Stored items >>
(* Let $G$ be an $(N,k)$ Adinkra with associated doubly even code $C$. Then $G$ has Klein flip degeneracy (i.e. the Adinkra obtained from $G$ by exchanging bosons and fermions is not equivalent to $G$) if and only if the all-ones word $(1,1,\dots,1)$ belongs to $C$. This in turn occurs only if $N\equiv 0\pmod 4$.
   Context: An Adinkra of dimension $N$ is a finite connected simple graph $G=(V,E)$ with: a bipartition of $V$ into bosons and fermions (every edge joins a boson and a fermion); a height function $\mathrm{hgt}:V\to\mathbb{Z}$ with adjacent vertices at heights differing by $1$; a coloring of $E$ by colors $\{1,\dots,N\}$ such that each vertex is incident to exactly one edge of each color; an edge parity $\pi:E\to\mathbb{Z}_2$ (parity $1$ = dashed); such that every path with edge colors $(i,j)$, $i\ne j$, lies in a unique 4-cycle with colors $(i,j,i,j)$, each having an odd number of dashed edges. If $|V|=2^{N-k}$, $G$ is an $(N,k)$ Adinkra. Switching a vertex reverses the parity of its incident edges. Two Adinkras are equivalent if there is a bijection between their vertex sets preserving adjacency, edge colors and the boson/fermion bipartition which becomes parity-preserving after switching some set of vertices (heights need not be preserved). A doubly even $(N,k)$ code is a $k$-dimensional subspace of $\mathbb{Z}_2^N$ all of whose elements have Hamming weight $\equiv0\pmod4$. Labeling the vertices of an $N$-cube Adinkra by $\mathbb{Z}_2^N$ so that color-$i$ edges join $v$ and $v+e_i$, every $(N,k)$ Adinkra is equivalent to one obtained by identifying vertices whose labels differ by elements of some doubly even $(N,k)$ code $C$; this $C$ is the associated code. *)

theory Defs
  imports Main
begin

* * *

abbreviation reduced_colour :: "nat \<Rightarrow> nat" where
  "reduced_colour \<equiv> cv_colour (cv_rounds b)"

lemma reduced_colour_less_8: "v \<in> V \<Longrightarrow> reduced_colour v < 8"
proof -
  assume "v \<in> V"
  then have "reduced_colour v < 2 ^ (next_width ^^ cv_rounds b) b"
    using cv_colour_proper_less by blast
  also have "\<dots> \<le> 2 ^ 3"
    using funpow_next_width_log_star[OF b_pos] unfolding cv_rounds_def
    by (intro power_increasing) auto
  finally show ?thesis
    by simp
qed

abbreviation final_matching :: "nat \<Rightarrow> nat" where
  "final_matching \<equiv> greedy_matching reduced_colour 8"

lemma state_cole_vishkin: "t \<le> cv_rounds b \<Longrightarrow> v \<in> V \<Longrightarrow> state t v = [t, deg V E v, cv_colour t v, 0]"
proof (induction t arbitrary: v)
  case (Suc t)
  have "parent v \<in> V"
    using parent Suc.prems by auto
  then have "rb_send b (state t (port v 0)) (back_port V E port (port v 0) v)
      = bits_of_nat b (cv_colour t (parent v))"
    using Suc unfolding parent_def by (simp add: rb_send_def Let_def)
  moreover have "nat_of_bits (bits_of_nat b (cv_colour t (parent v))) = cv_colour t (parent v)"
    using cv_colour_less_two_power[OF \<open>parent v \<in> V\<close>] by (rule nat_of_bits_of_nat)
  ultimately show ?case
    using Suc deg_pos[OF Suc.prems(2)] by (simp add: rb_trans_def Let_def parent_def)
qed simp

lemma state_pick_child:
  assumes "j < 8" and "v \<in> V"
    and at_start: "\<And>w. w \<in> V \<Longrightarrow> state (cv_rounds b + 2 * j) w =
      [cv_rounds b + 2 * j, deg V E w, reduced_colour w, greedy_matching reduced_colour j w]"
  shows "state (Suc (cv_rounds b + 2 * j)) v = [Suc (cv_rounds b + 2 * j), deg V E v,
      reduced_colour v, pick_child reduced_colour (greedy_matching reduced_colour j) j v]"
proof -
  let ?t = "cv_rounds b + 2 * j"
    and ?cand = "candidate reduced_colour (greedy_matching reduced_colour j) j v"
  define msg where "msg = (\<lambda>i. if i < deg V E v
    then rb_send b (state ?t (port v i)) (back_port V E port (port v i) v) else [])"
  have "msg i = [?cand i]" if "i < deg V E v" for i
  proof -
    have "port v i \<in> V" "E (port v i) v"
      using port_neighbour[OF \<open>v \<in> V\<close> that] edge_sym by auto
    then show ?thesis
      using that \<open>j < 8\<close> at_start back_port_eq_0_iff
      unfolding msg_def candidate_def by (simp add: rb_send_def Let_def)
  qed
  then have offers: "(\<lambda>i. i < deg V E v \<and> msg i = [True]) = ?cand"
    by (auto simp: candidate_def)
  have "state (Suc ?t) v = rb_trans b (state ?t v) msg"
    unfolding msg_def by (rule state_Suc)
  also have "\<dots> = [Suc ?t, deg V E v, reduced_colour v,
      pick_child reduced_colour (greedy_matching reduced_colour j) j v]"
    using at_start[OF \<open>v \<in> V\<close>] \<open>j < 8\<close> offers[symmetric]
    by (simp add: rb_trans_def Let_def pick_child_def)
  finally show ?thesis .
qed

==

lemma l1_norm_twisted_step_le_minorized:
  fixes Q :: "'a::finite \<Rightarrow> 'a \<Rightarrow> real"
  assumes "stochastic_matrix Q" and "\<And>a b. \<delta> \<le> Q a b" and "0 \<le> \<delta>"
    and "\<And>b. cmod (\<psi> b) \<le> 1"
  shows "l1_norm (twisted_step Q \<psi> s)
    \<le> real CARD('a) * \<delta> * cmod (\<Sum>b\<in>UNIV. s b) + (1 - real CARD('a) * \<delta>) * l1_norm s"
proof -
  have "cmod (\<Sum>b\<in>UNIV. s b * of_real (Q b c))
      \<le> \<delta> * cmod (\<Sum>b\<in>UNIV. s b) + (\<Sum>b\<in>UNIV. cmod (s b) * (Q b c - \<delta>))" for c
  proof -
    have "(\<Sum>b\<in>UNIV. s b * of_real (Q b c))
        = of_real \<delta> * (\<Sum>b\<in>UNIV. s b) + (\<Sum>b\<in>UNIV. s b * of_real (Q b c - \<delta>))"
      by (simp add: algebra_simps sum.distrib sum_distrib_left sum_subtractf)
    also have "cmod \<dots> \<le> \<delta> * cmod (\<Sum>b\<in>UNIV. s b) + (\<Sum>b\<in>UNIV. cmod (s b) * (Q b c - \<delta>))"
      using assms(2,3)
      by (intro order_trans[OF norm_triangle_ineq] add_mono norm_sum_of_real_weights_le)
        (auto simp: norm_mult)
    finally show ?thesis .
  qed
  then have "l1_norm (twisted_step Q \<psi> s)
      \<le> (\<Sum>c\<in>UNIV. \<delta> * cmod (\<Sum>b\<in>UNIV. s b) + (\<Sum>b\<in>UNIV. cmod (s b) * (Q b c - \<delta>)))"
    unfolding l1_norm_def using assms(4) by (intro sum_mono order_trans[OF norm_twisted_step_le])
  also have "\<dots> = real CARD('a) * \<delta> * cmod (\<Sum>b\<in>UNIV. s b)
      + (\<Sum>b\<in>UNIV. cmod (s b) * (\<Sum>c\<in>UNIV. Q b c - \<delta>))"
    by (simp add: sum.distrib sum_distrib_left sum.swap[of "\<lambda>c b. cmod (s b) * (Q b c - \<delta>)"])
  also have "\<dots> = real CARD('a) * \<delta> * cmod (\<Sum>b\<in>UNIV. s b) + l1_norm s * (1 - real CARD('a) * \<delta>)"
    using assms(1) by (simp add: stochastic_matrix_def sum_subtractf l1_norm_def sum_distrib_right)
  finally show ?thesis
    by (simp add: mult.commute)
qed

TO DO >> For each line above that carries the word "offers", copy it out.

ANSWER SPACE >>
  then have offers: "(\<lambda>i. i < deg V E v \<and> msg i = [True]) = ?cand"
    using at_start[OF \<open>v \<in> V\<close>] \<open>j < 8\<close> offers[symmetric]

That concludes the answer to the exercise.